Stored items:
text \<open>The counit axiom writes \<open>p\<close> as \<open>\<pi>\<close> of the diagonal family of the maps
  \<open>c \<mapsto> e\<^sub>x(c) p\<close>, and \<open>pi_diagonal\<close> allows replacing each of them by any map with the same
  image \<open>e\<^sub>x \<cdot> p\<close> under \<open>\<pi>\<close>.\<close>

lemma rad_if_unit_acts_rad:
  assumes unit_acts: "\<And>x. act (unit_el idn x) p \<in> rad"
  shows "p \<in> rad"
proof -
  define U where "U x = act_map (unit_el idn x) p" for x
  have U: "U x \<in> HomC" for x
    unfolding U_def unit_el_eq_ev_el by (rule act_map_HomC[OF C_linear_ev_el])
  have "\<exists>G\<in>rad_maps. \<pi> G = \<pi> (U x)" for x
    using unit_acts[of x] unfolding rad_def act_eq_pi_act_map U_def by (auto simp: image_iff)
  then obtain F where F: "\<And>x. F x \<in> rad_maps" and \<pi>F: "\<And>x. \<pi> (F x) = \<pi> (U x)"
    by metis
  have F_HomC: "F x \<in> HomC" for x
    using F unfolding rad_maps_def by simp
  have "(\<lambda>x y \<phi>. U y x y \<phi>) = (\<lambda>x y \<phi>. if \<phi> \<in> C x y \<and> x = y then sP (\<phi> (idn x)) p else 0)"
    by (intro ext) (auto simp: U_def act_map_def unit_el_def)
  then have "p = \<pi> (\<lambda>x y \<phi>. U y x y \<phi>)"
    using pi_counit[of p] by simp
  also have "\<dots> = \<pi> (\<lambda>x y \<phi>. if \<phi> \<in> C x y \<and> x = y then sP (\<phi> (idn x)) (\<pi> (U x)) else 0)"
    using pi_diagonal[of U, OF U] by simp
  also have "\<dots> = \<pi> (\<lambda>x y \<phi>. if \<phi> \<in> C x y \<and> x = y then sP (\<phi> (idn x)) (\<pi> (F x)) else 0)"
    by (simp only: \<pi>F)
  also have "\<dots> = \<pi> (\<lambda>x y \<phi>. F y x y \<phi>)"
    by (rule pi_diagonal[of F, OF F_HomC])
  finally have "p = \<pi> (\<lambda>x y \<phi>. F y x y \<phi>)" .
  moreover have "(\<lambda>x y \<phi>. F y x y \<phi>) \<in> rad_maps"
    using F HomC_diagonal[OF F_HomC] unfolding rad_maps_def by simp
  ultimately show ?thesis
    unfolding rad_def by blast
qed

lemma rad_submodule: "submodule Hom sP Theta rho (\<lambda>x. Theta x \<inter> rad)"
  unfolding submodule_def
  using P.subspace_inter[OF Theta_subspace rad_subspace] rho_in_Theta act_ev_el_rad
  by (auto simp: Theta_act_def)

lemma rad_proper: "p \<notin> rad \<Longrightarrow> \<exists>x. Theta x \<inter> rad \<noteq> Theta x"
  using rad_if_unit_acts_rad unfolding Theta_sp_def by blast

end

locale lf_category_contramodule = category_contramodule sM Hom cmp idn sP \<pi>
  for sM :: "'k::field \<Rightarrow> 'm::ab_group_add \<Rightarrow> 'm"
    and Hom :: "'o \<Rightarrow> 'o \<Rightarrow> 'm set"
    and cmp :: "'o \<Rightarrow> 'o \<Rightarrow> 'o \<Rightarrow> 'm \<Rightarrow> 'm \<Rightarrow> 'm"
    and idn :: "'o \<Rightarrow> 'm"
    and sP :: "'k \<Rightarrow> 'p::ab_group_add \<Rightarrow> 'p"
    and \<pi> :: "('o \<Rightarrow> 'o \<Rightarrow> ('m \<Rightarrow> 'k) \<Rightarrow> 'p) \<Rightarrow> 'p" +
  assumes locally_finite: "locally_finite sM Hom"
begin

lemma ex_hom_basis: "\<exists>B. finite B \<and> B \<subseteq> Hom x y \<and> M.independent B \<and> M.span B = Hom x y"
proof -
  obtain B0 where B0: "finite B0" "B0 \<subseteq> Hom x y" "M.span B0 = Hom x y"
    using locally_finite unfolding locally_finite_def by blast
  obtain B where B: "B \<subseteq> B0" "M.independent B" "B0 \<subseteq> M.span B"
    by (rule M.maximal_independent_subset[of B0])
  have "M.span B \<subseteq> Hom x y"
    using M.span_mono[OF B(1)] B0(3) by simp
  moreover have "Hom x y \<subseteq> M.span B"
    using M.span_mono[OF B(3)] B0(3) by (simp add: M.span_span)
  ultimately show ?thesis
    using B B0 finite_subset[OF B(1) B0(1)] by blast
qed

definition hom_basis :: "'o \<Rightarrow> 'o \<Rightarrow> 'm set" where
  "hom_basis x y = (SOME B. finite B \<and> B \<subseteq> Hom x y \<and> M.independent B \<and> M.span B = Hom x y)"

lemma hom_basis:
  "finite (hom_basis x y)" "hom_basis x y \<subseteq> Hom x y"
  "M.independent (hom_basis x y)" "M.span (hom_basis x y) = Hom x y"
  using someI_ex[OF ex_hom_basis[of x y]] unfolding hom_basis_def[symmetric] by auto

lemma hom_basis_in_Hom: "i \<in> hom_basis x y \<Longrightarrow> i \<in> Hom x y"
  using hom_basis(2) by blast

lemma hom_basis_trivial: "Hom x y = {0} \<Longrightarrow> hom_basis x y = {}"
  using hom_basis(2,3)[of x y] M.dependent_zero[of "hom_basis x y"] by auto

definition hom_coord :: "'o \<Rightarrow> 'o \<Rightarrow> 'm \<Rightarrow> 'm \<Rightarrow> 'k" where
  "hom_coord x y i = (\<lambda>g. if g \<in> Hom x y then M.representation (hom_basis x y) g i else 0)"

lemma hom_coord_C: "hom_coord x y i \<in> C x y"
  unfolding dualsp_def hom_coord_def
  using M.representation_add[OF hom_basis(3)] M.representation_scale[OF hom_basis(3)] hom_basis(4)
  by (auto simp: Hom_add Hom_scale)

lemma hom_basis_expansion: "g \<in> Hom x y \<Longrightarrow> (\<Sum>i\<in>hom_basis x y. sM (hom_coord x y i g) i) = g"
  unfolding hom_coord_def
  using M.sum_representation_eq[OF hom_basis(3) _ hom_basis(1), of g] hom_basis(4) by simp

lemma C_dual_basis_expansion:
  assumes \<phi>: "\<phi> \<in> C x y"
  shows "(\<lambda>g. \<Sum>i\<in>hom_basis x y. \<phi> i * hom_coord x y i g) = \<phi>"
proof
  fix g
  show "(\<Sum>i\<in>hom_basis x y. \<phi> i * hom_coord x y i g) = \<phi> g"
  proof (cases "g \<in> Hom x y")
    case True
    have "\<phi> g = \<phi> (\<Sum>i\<in>hom_basis x y. sM (hom_coord x y i g) i)"
      using hom_basis_expansion[OF True] by simp
    also have "\<dots> = (\<Sum>i\<in>hom_basis x y. \<phi> (sM (hom_coord x y i g) i))"
      by (simp add: C_sum_arg[OF \<phi>] Hom_scale hom_basis_in_Hom)
    also have "\<dots> = (\<Sum>i\<in>hom_basis x y. \<phi> i * hom_coord x y i g)"
      by (simp add: C_scale[OF \<phi>] hom_basis_in_Hom mult.commute)
    finally show ?thesis by simp
  next
    case False
    then show ?thesis
      using C_outside[OF \<phi> False] by (simp add: hom_coord_def)
  qed
qed

lemma HomCHomC_expand:
  assumes f: "f \<in> HomCHomC" and \<alpha>: "\<alpha> \<in> C x z" and \<beta>: "\<beta> \<in> C z y"
  shows "f z y \<beta> x z \<alpha> = (\<Sum>i\<in>hom_basis x z. f z y (\<lambda>h. \<alpha> i * \<beta> h) x z (hom_coord x z i))"
proof -
  have "f z y \<beta> x z \<alpha> = f z y \<beta> x z (\<lambda>g. \<Sum>i\<in>hom_basis x z. \<alpha> i * hom_coord x z i g)"
    using C_dual_basis_expansion[OF \<alpha>] by simp
  also have "\<dots> = (\<Sum>i\<in>hom_basis x z. f z y \<beta> x z (\<lambda>g. \<alpha> i * hom_coord x z i g))"
    by (rule HomC_sum_arg[OF HomCHomC_HomC[OF f]]) (rule C_smult[OF hom_coord_C])
  also have "\<dots> = (\<Sum>i\<in>hom_basis x z. sP (\<alpha> i) (f z y \<beta> x z (hom_coord x z i)))"
    by (simp add: HomC_scale[OF HomCHomC_HomC[OF f] hom_coord_C])
  also have "\<dots> = (\<Sum>i\<in>hom_basis x z. f z y (\<lambda>h. \<alpha> i * \<beta> h) x z (hom_coord x z i))"
    by (simp add: HomCHomC_scale[OF f \<beta>])
  finally show ?thesis .
qed

subsection \<open>Evaluating the comultiplication\<close>

definition precomp :: "'o \<Rightarrow> 'o \<Rightarrow> 'o \<Rightarrow> 'm \<Rightarrow> ('m \<Rightarrow> 'k) \<Rightarrow> 'm \<Rightarrow> 'k" where
  "precomp x z y i \<phi> = (\<lambda>h. if h \<in> Hom z y then \<phi> (cmp x z y h i) else 0)"

lemma precomp_C: "\<phi> \<in> C x y \<Longrightarrow> i \<in> Hom x z \<Longrightarrow> precomp x z y i \<phi> \<in> C z y"
  unfolding dualsp_def precomp_def
  by (auto simp: cmp_add_left cmp_scale_left cmp_in_Hom Hom_add Hom_scale C_add C_scale)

Aim of the exercise =>
Please print the lines from the start of the records up to and including the line with "using unit_acts[of x]", copying each one exactly and leaving out the rest.

Output for this task =>
text \<open>The counit axiom writes \<open>p\<close> as \<open>\<pi>\<close> of the diagonal family of the maps
  \<open>c \<mapsto> e\<^sub>x(c) p\<close>, and \<open>pi_diagonal\<close> allows replacing each of them by any map with the same
  image \<open>e\<^sub>x \<cdot> p\<close> under \<open>\<pi>\<close>.\<close>

lemma rad_if_unit_acts_rad:
  assumes unit_acts: "\<And>x. act (unit_el idn x) p \<in> rad"
  shows "p \<in> rad"
proof -
  define U where "U x = act_map (unit_el idn x) p" for x
  have U: "U x \<in> HomC" for x
    unfolding U_def unit_el_eq_ev_el by (rule act_map_HomC[OF C_linear_ev_el])
  have "\<exists>G\<in>rad_maps. \<pi> G = \<pi> (U x)" for x
    using unit_acts[of x] unfolding rad_def act_eq_pi_act_map U_def by (auto simp: image_iff)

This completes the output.